### PROBLEM DESCRIPTION
Where does the word "error" appear in the data? Copy every line that holds it.

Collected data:
(* Fix $0<\delta<\tfrac12$ and $0<\lambda\le 1\le\Lambda$. Let $\Omega\subset\mathbb H^n$ be open, let $A\in M_n(\lambda,\Lambda,\Omega)$ be continuous at a point $z_0\in\Omega$, and assume the matrix $M:=A(z_0)$ is symplectic. Let $\alpha=\frac{Q-2}{4}+\delta$ and $g(\zeta)=-\frac1\alpha\phi_M(\zeta)^{-\alpha}$ for $\zeta\ne0$. Then there exists $\epsilon_0>0$, depending only on $\lambda,\Lambda,Q,\delta$ and the function $\epsilon\mapsto\omega_A(z_0;\epsilon)$, such that $$-\mathrm{tr}\big(A(z)\,(D^2_{\mathbb H}g)(\zeta)\big)\ge0\qquad\text{for all }z\in B_{\epsilon_0}(z_0)\cap\Omega\text{ and all }\zeta\neq0.$$ If in addition $A\in C(\Omega,\omega)$ for a function $\omega$ as below, then $\epsilon_0$ can be chosen depending only on $\lambda,\Lambda,Q,\delta,\omega$ (independent of $z_0$ and $A$).
   Context: Points are $z=(x,t)$, $\zeta=(\xi,\tau)\in\mathbb R^{2n+1}$. $J=\begin{pmatrix}0&-\mathbb I_n\\ \mathbb I_n&0\end{pmatrix}$, $Q=2n+2$. The Heisenberg group $\mathbb H^n$ is $\mathbb R^{2n+1}$ with $(x,t)\circ(\xi,\tau)=(x+\xi,t+\tau+2\langle Jx,\xi\rangle)$; $\rho(x,t)=(|x|^4+t^2)^{1/4}$, $d(z,\zeta)=\rho(z^{-1}\circ\zeta)$ with $(x,t)^{-1}=(-x,-t)$, and $B_R(z)=\{\zeta:d(z,\zeta)<R\}$. $X_i=\partial_{x_i}+2(Jx)_i\partial_t$, $D^2_{\mathbb H}\psi=\big(\tfrac12(X_iX_j+X_jX_i)\psi\big)_{i,j=1}^{2n}$. $M_n(\lambda,\Lambda,\Omega)$ is the set of symmetric matrix-valued functions $A$ on $\Omega$ with $\det A(z)=1$ and $\lambda\mathbb I_{2n}\le A(z)\le\Lambda\mathbb I_{2n}$ for all $z\in\Omega$. A matrix $M$ is symplectic if $M^{-1}=J^tMJ$. For symmetric positive definite constant $M$, $\phi_M(x,t)=\langle M^{-1}x,x\rangle^2+t^2$. The modulus of continuity is $\omega_A(z_0;\epsilon)=\sup_{z\in B_\epsilon(z_0)\cap\Omega}\|A(z)-A(z_0)\|$ (operator norm). Given a nondecreasing $\omega:[0,1)\to[0,1)$ with $\omega(0)=\lim_{s\to0^+}\omega(s)=0$, $C(\Omega,\omega)$ is the set of continuous matrix functions $A$ on $\Omega$ with $\omega_A(z_0;\epsilon)\le\omega(\epsilon)$ for all $z_0\in\Omega$, $0<\epsilon<1$. *)

theory Defs
  imports "HOL-Analysis.Analysis"
begin
text \<open>Points of [0,omega]: Some n is n, None is omega.
  Elements of l1([0,omega]) are functions nat option => real with absolutely
  summable finite part.\<close>

definition is_l1 :: "(nat option \<Rightarrow> real) \<Rightarrow> bool" where
  "is_l1 h \<longleftrightarrow> summable (\<lambda>n. \<bar>h (Some n)\<bar>)"

definition l1norm :: "(nat option \<Rightarrow> real) \<Rightarrow> real" where
  "l1norm h = (\<Sum>n. \<bar>h (Some n)\<bar>) + \<bar>h None\<bar>"

definition l1ball :: "(nat option \<Rightarrow> real) set" where
  "l1ball = {h. is_l1 h \<and> l1norm h \<le> 1}"

text \<open>C([0,omega]): continuous functions on the convergent sequence with its limit.\<close>
definition Cw :: "(nat option \<Rightarrow> real) set" where
  "Cw = {x. (\<lambda>n. x (Some n)) \<longlonglongrightarrow> x None}"

definition pairing :: "(nat option \<Rightarrow> real) \<Rightarrow> (nat option \<Rightarrow> real) \<Rightarrow> real" where
  "pairing h x = (\<Sum>n. h (Some n) * x (Some n)) + h None * x None"

definition wslice :: "(nat option \<Rightarrow> real) set \<Rightarrow> (nat option \<Rightarrow> real) set \<Rightarrow> bool" where
  "wslice K S \<longleftrightarrow> S \<noteq> {} \<and> (\<exists>x\<in>Cw. \<exists>t::real. S = {h \<in> K. pairing h x > t})"

definition diam_less :: "(nat option \<Rightarrow> real) set \<Rightarrow> real \<Rightarrow> bool" where
  "diam_less S eps \<longleftrightarrow> (\<exists>\<delta><eps. \<forall>f\<in>S. \<forall>g\<in>S. l1norm (\<lambda>i. f i - g i) \<le> \<delta>)"

definition dder :: "real \<Rightarrow> (nat option \<Rightarrow> real) set \<Rightarrow> (nat option \<Rightarrow> real) set" where
  "dder eps K = K - \<Union>{S. wslice K S \<and> diam_less S eps}"

text \<open>Transfinite iterates, indexed by elements of an arbitrary well-ordered type
  (each element standing for the ordinal of its initial segment).\<close>
definition is_succ_of :: "'o::wellorder \<Rightarrow> 'o \<Rightarrow> bool" where
  "is_succ_of b m \<longleftrightarrow> m < b \<and> (\<forall>v. \<not> (m < v \<and> v < b))"

definition dder_iter :: "real \<Rightarrow> (nat option \<Rightarrow> real) set \<Rightarrow> 'o::wellorder \<Rightarrow> (nat option \<Rightarrow> real) set" where
  "dder_iter eps K = wfrec {(x, y). x < y}
     (\<lambda>D b. if (\<forall>m. \<not> m < b) then K
            else if (\<exists>m. is_succ_of b m) then dder eps (D (THE m. is_succ_of b m))
            else \<Inter>{D m | m. m < b})"

definition tau :: "nat \<Rightarrow> (nat option \<Rightarrow> real) \<Rightarrow> (nat option \<Rightarrow> real)" where
  "tau m h = (\<lambda>i. case i of None \<Rightarrow> h None
                 | Some n \<Rightarrow> if m \<le> n then h (Some (n - m)) else 0)"

end

theory Submission
  imports Defs
begin

text \<open>
  The shift tau m is an isometry of l1([0,omega]) onto its image, maps the unit
  ball into itself, and is weak*-continuous: it is the adjoint of the operator
  shift_left m x (n) = x (n + m), x(omega) = x(omega), which maps C([0,omega]) into itself.
  Hence if a subset D of the unit ball is tau-invariant, so is its derivation dder eps D:
  a small weak*-slice S of D containing tau m h pulls back, via the adjoint, to a weak*-slice
  of D containing h whose diameter is at most that of S.
\<close>

lemma is_succ_of_unique:
  fixes b :: "'o::wellorder"
  assumes "is_succ_of b m1" "is_succ_of b m2"
  shows "m1 = m2"
  using assms unfolding is_succ_of_def by (metis not_less_iff_gr_or_eq)

lemma dder_iter_unfold:
  fixes b :: "'o::wellorder"
  shows "dder_iter eps K b = (if \<forall>m. \<not> m < b then K
            else if \<exists>m. is_succ_of b m then dder eps (dder_iter eps K (THE m. is_succ_of b m))
            else \<Inter>{dder_iter eps K m | m. m < b})"
proof -
  have recursion: "dder_iter eps K b = (\<lambda>D b. if \<forall>m. \<not> m < b then K
            else if \<exists>m. is_succ_of b m then dder eps (D (THE m. is_succ_of b m))
            else \<Inter>{D m | m. m < b}) (cut (dder_iter eps K) {(x, y). x < y} b) b"
    unfolding dder_iter_def by (rule wfrec[OF wellorder_class.wf])
  have cut_eq: "cut (dder_iter eps K) {(x, y). x < y} b m = dder_iter eps K m" if "m < b" for m
    using that by (simp add: cut_apply)
  then have cut_set: "{cut (dder_iter eps K) {(x, y). x < y} b m | m. m < b}
      = {dder_iter eps K m | m. m < b}"
    by blast
  show ?thesis
  proof (cases "\<exists>m. is_succ_of b m")
    case True
    then obtain m where "is_succ_of b m" by blast
    then have "(THE m. is_succ_of b m) = m" using is_succ_of_unique by blast
    moreover have "m < b" using \<open>is_succ_of b m\<close> unfolding is_succ_of_def by simp
    ultimately show ?thesis using True by (subst recursion) (simp add: cut_eq)
  next
    case False
    then show ?thesis by (subst recursion) (simp only: cut_set if_False)
  qed
qed
lemma norm_sq_proj_H: "(norm (proj_H y))^2 = ((y$k + y$m)^2 + (xi_sq y - q y)) / 2"
proof -
  have "xi_sq (proj_H y) = (xi_sq y - q y) / 2"
    using sum_sq_anti_part[OF proj_H_P] unfolding xi_sq_def .
  then have "(norm (proj_H y))^2 = ((y$k + y$m) / 2)^2 + (xi_sq y - q y) / 2 + ((y$k + y$m) / 2)^2"
    using norm_sq_xi_eta[of "proj_H y"] by (simp add: proj_H_k proj_H_m)
  then show ?thesis by (simp add: power2_eq_square field_simps)
qed

lemma norm_sq_perp_H: "(norm (y - proj_H y))^2 = ((y$k - y$m)^2 + (xi_sq y + q y)) / 2"
proof -
  have "xi_sq (y - proj_H y) = (xi_sq y + q y) / 2"
    using sum_sq_sym_part[OF proj_H_P] unfolding xi_sq_def .
  then have "(norm (y - proj_H y))^2
      = (y$k - (y$k + y$m) / 2)^2 + (xi_sq y + q y) / 2 + (y$m - (y$k + y$m) / 2)^2"
    using norm_sq_xi_eta[of "y - proj_H y"] by (simp add: proj_H_k proj_H_m)
  then show ?thesis by (simp add: power2_eq_square field_simps)
qed
(* Let $2\le N\le 4$, $k=2$, $T=2$, and suppose $p_{11}<p_{01}$. Then for every initial belief vector $\omega(1)\in[0,1]^N$, the myopic sensing policy (with any tie-breaking) is optimal. That is, its expected total reward over the two slots equals the maximum expected total reward over the two slots achievable by any sensing policy.
   Context: Opportunistic spectrum access model. There are $N$ channels. The state $S_i(t)\in\{0,1\}$ of channel $i$ in slot $t$ (0 = busy, 1 = idle) evolves as a two-state discrete-time Markov chain with transition probabilities $p_{ij}=\Pr(S_i(t+1)=j\mid S_i(t)=i)$. The chains are independent across channels and all have the same transition probabilities $p_{01},p_{11}\in[0,1]$. The initial states are independent with $\Pr(S_i(1)=1)=\omega_i(1)$. In each slot $t=1,\dots,T$, a secondary user chooses a set $\mathcal{A}(t)$ of exactly $k$ channels to sense, based on past actions and observations. It observes the states of the sensed channels and obtains reward $1$ if at least one sensed channel is idle, and reward $0$ otherwise. The belief $\omega_i(t)$ is the conditional probability that $S_i(t)=1$ given past actions and observations. The expected immediate reward of action $\mathcal{A}(t)$ is $1-\prod_{i\in\mathcal{A}(t)}(1-\omega_i(t))$. Beliefs update as follows: $\omega_i(t+1)=p_{11}$ if $i\in\mathcal{A}(t)$ and $S_i(t)=1$; $\omega_i(t+1)=p_{01}$ if $i\in\mathcal{A}(t)$ and $S_i(t)=0$; and $\omega_i(t+1)=\tau(\omega_i(t))$ if $i\notin\mathcal{A}(t)$, where $\tau(\omega)=\omega p_{11}+(1-\omega)p_{01}$. A policy maps histories to actions. The objective is to maximize the expected total (equivalently, average) reward over slots $1,\dots,T$. The myopic sensing policy senses, in every slot, $k$ channels with the largest current beliefs $\omega_i(t)$, i.e. it maximizes the immediate expected reward. *)

theory Defs
  imports Complex_Main "HOL-Library.FuncSet"
begin

text \<open>An observation of a sensed set A is a function A ->E bool (True = idle).
  A (deterministic) two-slot policy is a pair (A1, f): the slot-1 action A1
  and the slot-2 action f o chosen as a function of the slot-1 observation o.\<close>

definition tau :: "real \<Rightarrow> real \<Rightarrow> real \<Rightarrow> real" where
  "tau p01 p11 w = w * p11 + (1 - w) * p01"

definition upd_belief ::
  "real \<Rightarrow> real \<Rightarrow> (nat \<Rightarrow> real) \<Rightarrow> nat set \<Rightarrow> (nat \<Rightarrow> bool) \<Rightarrow> nat \<Rightarrow> real" where
  "upd_belief p01 p11 \<omega> A obs i =
     (if i \<in> A then (if obs i then p11 else p01) else tau p01 p11 (\<omega> i))"

definition imm_reward :: "(nat \<Rightarrow> real) \<Rightarrow> nat set \<Rightarrow> real" where
  "imm_reward \<omega> A = 1 - (\<Prod>i\<in>A. 1 - \<omega> i)"

definition obs_prob :: "(nat \<Rightarrow> real) \<Rightarrow> nat set \<Rightarrow> (nat \<Rightarrow> bool) \<Rightarrow> real" where
  "obs_prob \<omega> A obs = (\<Prod>i\<in>A. if obs i then \<omega> i else 1 - \<omega> i)"

definition observations :: "nat set \<Rightarrow> (nat \<Rightarrow> bool) set" where
  "observations A = PiE A (\<lambda>_. UNIV)"

definition valid_action :: "nat \<Rightarrow> nat \<Rightarrow> nat set \<Rightarrow> bool" where
  "valid_action N k A \<longleftrightarrow> A \<subseteq> {..<N} \<and> card A = k"

type_synonym policy2 = "nat set \<times> ((nat \<Rightarrow> bool) \<Rightarrow> nat set)"

definition is_policy2 :: "nat \<Rightarrow> nat \<Rightarrow> policy2 \<Rightarrow> bool" where
  "is_policy2 N k \<pi> \<longleftrightarrow> valid_action N k (fst \<pi>) \<and>
     (\<forall>obs \<in> observations (fst \<pi>). valid_action N k (snd \<pi> obs))"

definition value2 :: "real \<Rightarrow> real \<Rightarrow> (nat \<Rightarrow> real) \<Rightarrow> policy2 \<Rightarrow> real" where
  "value2 p01 p11 \<omega> \<pi> =
     imm_reward \<omega> (fst \<pi>) +
     (\<Sum>obs \<in> observations (fst \<pi>).
        obs_prob \<omega> (fst \<pi>) obs *
        imm_reward (upd_belief p01 p11 \<omega> (fst \<pi>) obs) (snd \<pi> obs))"

definition myopic_action :: "nat \<Rightarrow> nat \<Rightarrow> (nat \<Rightarrow> real) \<Rightarrow> nat set \<Rightarrow> bool" where
  "myopic_action N k \<omega> A \<longleftrightarrow> valid_action N k A \<and>
     (\<forall>i\<in>A. \<forall>j\<in>{..<N} - A. \<omega> j \<le> \<omega> i)"
(* For every $\beta>0$, every $\lambda\in(0,n)$ with $n\ge\lambda\ge\frac{16}{9}\log\frac2\beta$, every $r\in\mathbb{N}$ and every $X=(x_1,\dots,x_n)\in[0,1]^n$, \[ \Pr\left[\left|P^{\mathbb{R}}_{n,\lambda,r}(X)-\sum_{i=1}^n x_i\right|\ge\frac{\sqrt2}{r}\sqrt{n\log\frac2\beta}+\frac{n}{n-\lambda}\sqrt{2\frac{\lambda}{r}\log\frac2\beta}\right]<2\beta. \]
   Context: Bit randomizer $R^{0/1}_{n,\lambda}(b)$, $b\in\{0,1\}$, $\lambda\in(0,n)$: draw $\mathbf{b}\sim\mathrm{Ber}(\lambda/n)$; output $b$ if $\mathbf{b}=0$, a fresh $\mathrm{Ber}(1/2)$ bit if $\mathbf{b}=1$. Encoder $E_r(x)$, $x\in[0,1]$: $\mu=\lceil xr\rceil$, $p=xr-\mu+1$, and for $j=1,\dots,r$: $b_j=1$ if $j<\mu$, $b_j\sim\mathrm{Ber}(p)$ if $j=\mu$, $b_j=0$ if $j>\mu$. Real-sum protocol $P^{\mathbb{R}}_{n,\lambda,r}$: user $i$ computes $(b_{i,1},\dots,b_{i,r})=E_r(x_i)$ and sends the $r$ messages $y_{i,j}=R^{0/1}_{n,\lambda}(b_{i,j})$ (all randomness independent); the $nr$ messages are shuffled uniformly at random; the analyzer outputs $\frac1r\cdot\frac{n}{n-\lambda}\left(\sum_j\sum_i y_{i,j}-\frac{\lambda r}{2}\right)$. $\log$ is the natural logarithm. *)

theory Defs
  imports "HOL-Probability.Probability"
begin

fun seq_pmf :: "'a pmf list \<Rightarrow> 'a list pmf" where
  "seq_pmf [] = return_pmf []"
| "seq_pmf (p # ps) = do { x \<leftarrow> p; xs \<leftarrow> seq_pmf ps; return_pmf (x # xs) }"

definition randomizer :: "nat \<Rightarrow> real \<Rightarrow> bool \<Rightarrow> bool pmf" where
  "randomizer n lam b = do {
     c \<leftarrow> bernoulli_pmf (lam / real n);
     if c then bernoulli_pmf (1/2) else return_pmf b }"

definition encoder :: "nat \<Rightarrow> real \<Rightarrow> bool list pmf" where
  "encoder r x = (let mu = \<lceil>x * real r\<rceil>; p = x * real r - of_int mu + 1 in
     seq_pmf (map (\<lambda>j::nat. if int j < mu then return_pmf True
                            else if int j = mu then bernoulli_pmf p
                            else return_pmf False) [1..<r+1]))"

definition user_msgs :: "nat \<Rightarrow> real \<Rightarrow> nat \<Rightarrow> real \<Rightarrow> bool list pmf" where
  "user_msgs n lam r x = do { bs \<leftarrow> encoder r x; seq_pmf (map (randomizer n lam) bs) }"

definition shuffle :: "'a list \<Rightarrow> 'a list pmf" where
  "shuffle ys = do {
     \<sigma> \<leftarrow> pmf_of_set {\<sigma>. \<sigma> permutes {..<length ys}};
     return_pmf (map (\<lambda>k. ys ! \<sigma> k) [0..<length ys]) }"

definition analyzer :: "nat \<Rightarrow> real \<Rightarrow> nat \<Rightarrow> bool list \<Rightarrow> real" where
  "analyzer n lam r ys = (1 / real r) * (real n / (real n - lam)) *
     ((\<Sum>y\<leftarrow>ys. if y then 1 else 0) - lam * real r / 2)"

definition real_sum_protocol :: "nat \<Rightarrow> real \<Rightarrow> nat \<Rightarrow> real list \<Rightarrow> real pmf" where
  "real_sum_protocol n lam r X = do {
     yss \<leftarrow> seq_pmf (map (user_msgs n lam r) X);
     zs \<leftarrow> shuffle (concat yss);
     return_pmf (analyzer n lam r zs) }"

end

theory Submission
  imports Defs
begin

(* The analyzer's error is exactly E / r + n / ((n - lam) r) * R, where E = sum_i (sum_j b_ij - r x_i)
   is the total encoding error and R = sum_ij (y_ij - E[y_ij | b_ij]) the total randomization error.
   For fixed x only one bit of E_r(x) is random, so each user's encoding error is a centred Bernoulli
   variable and Hoeffding's lemma makes E sub-Gaussian with variance proxy n/4.  Each of the n r
   randomization terms is a centred Bernoulli variable with parameter lam/(2n) or 1 - lam/(2n), whose
   moment generating function is at most exp (lam s^2 / (2n)) for |s| <= 11/10; hence R is
   sub-Gaussian with proxy lam r in that range of s.  The Chernoff bound gives the tails 2 (beta/2)^4
   and beta for the two parts of the threshold, and their sum is less than 2 beta. *)

lemma exp_le_one_plus_self_plus_square:
  fixes s :: real
  assumes "\<bar>s\<bar> \<le> 11/10"
  shows "exp s \<le> 1 + s + s\<^sup>2"
proof -
  obtain t where "\<bar>t\<bar> \<le> \<bar>s\<bar>"
    and taylor: "exp s = (\<Sum>m<4. s ^ m / fact m) + exp t / fact 4 * s ^ 4"
    using Maclaurin_exp_le[of s 4] by blast
  have "exp (11/20 :: real) \<le> 1 + 11/20 + (11/20)\<^sup>2"
    by (rule exp_bound) auto
  then have "exp (11/20 :: real) * exp (11/20) \<le> 19/10 * (19/10)"
    by (intro mult_mono) (auto simp: power2_eq_square)
  moreover have "exp t \<le> exp (11/20) * exp (11/20)"
    using \<open>\<bar>t\<bar> \<le> \<bar>s\<bar>\<close> assms by (simp flip: exp_add)
  moreover have "s\<^sup>2 \<le> (11/10)\<^sup>2"
    using power_mono[OF assms, of 2] by simp
  ultimately have "exp t * s\<^sup>2 \<le> 361/100 * (121/100)"
    by (intro mult_mono) (auto simp: power2_eq_square)
  then have "s/6 + exp t / 24 * s\<^sup>2 \<le> 1/2"
    using assms by simp
  then have "s\<^sup>2 * (s/6 + exp t / 24 * s\<^sup>2) \<le> s\<^sup>2 * (1/2)"
    by (rule mult_left_mono) simp
  then show ?thesis
    using taylor by (simp add: lessThan_nat_numeral fact_numeral eval_nat_numeral field_simps)
qed

lemma bernoulli_pmf_0: "bernoulli_pmf 0 = return_pmf False"
  by (rule pmf_eqI) (simp split: split_indicator)

lemma nn_integral_bernoulli_centered_exp:
  assumes "0 \<le> q" "q \<le> 1"
  shows "(\<integral>\<^sup>+b. ennreal (exp (s * (of_bool b - q))) \<partial>bernoulli_pmf q)
           = ennreal (q * exp (s * (1 - q)) + (1 - q) * exp (- s * q))"
  using assms by (simp add: ennreal_mult' ennreal_plus mult.commute)

lemma nn_integral_bernoulli_centered_exp_le_hoeffding:
  assumes "0 \<le> q" "q \<le> 1"
  shows "(\<integral>\<^sup>+b. ennreal (exp (s * (of_bool b - q))) \<partial>bernoulli_pmf q) \<le> ennreal (exp (s\<^sup>2 / 8))"
proof -
  \<comment> \<open>The library's Hoeffding lemma needs \<open>s > 0\<close>; negative \<open>s\<close> are covered by the negated bit.\<close>
  have "(\<integral>\<^sup>+b. ennreal (exp (s * (f b - measure_pmf.expectation (bernoulli_pmf q) f))) \<partial>bernoulli_pmf q)
          \<le> ennreal (exp (s\<^sup>2 / 8))"
    if "s > 0" and f: "f = of_bool \<or> f = (\<lambda>b. - of_bool b)" for s and f :: "bool \<Rightarrow> real"
  proof -
    have "f b \<in> {min (f False) (f True)..max (f False) (f True)}" for b
      by (cases b) auto
    then interpret interval_bounded_random_variable
        "bernoulli_pmf q" f "min (f False) (f True)" "max (f False) (f True)"
      by unfold_locales auto
    have "\<bar>f True - f False\<bar> = 1"
      using f by auto
    then have "(max (f False) (f True) - min (f False) (f True))\<^sup>2 = 1"
      by (simp add: max_def min_def power2_eq_square abs_if split: if_splits)
    then show ?thesis
      using Hoeffdings_lemma_nn_integral[OF \<open>s > 0\<close>] by simp
  qed
  from this[of s of_bool] this[of "- s" "\<lambda>b. - of_bool b"] show ?thesis
    using assms by (cases s "0::real" rule: linorder_cases) (simp_all add: algebra_simps)
qed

### RESPONSE BOX
(* The analyzer's error is exactly E / r + n / ((n - lam) r) * R, where E = sum_i (sum_j b_ij - r x_i)
   is the total encoding error and R = sum_ij (y_ij - E[y_ij | b_ij]) the total randomization error.
   For fixed x only one bit of E_r(x) is random, so each user's encoding error is a centred Bernoulli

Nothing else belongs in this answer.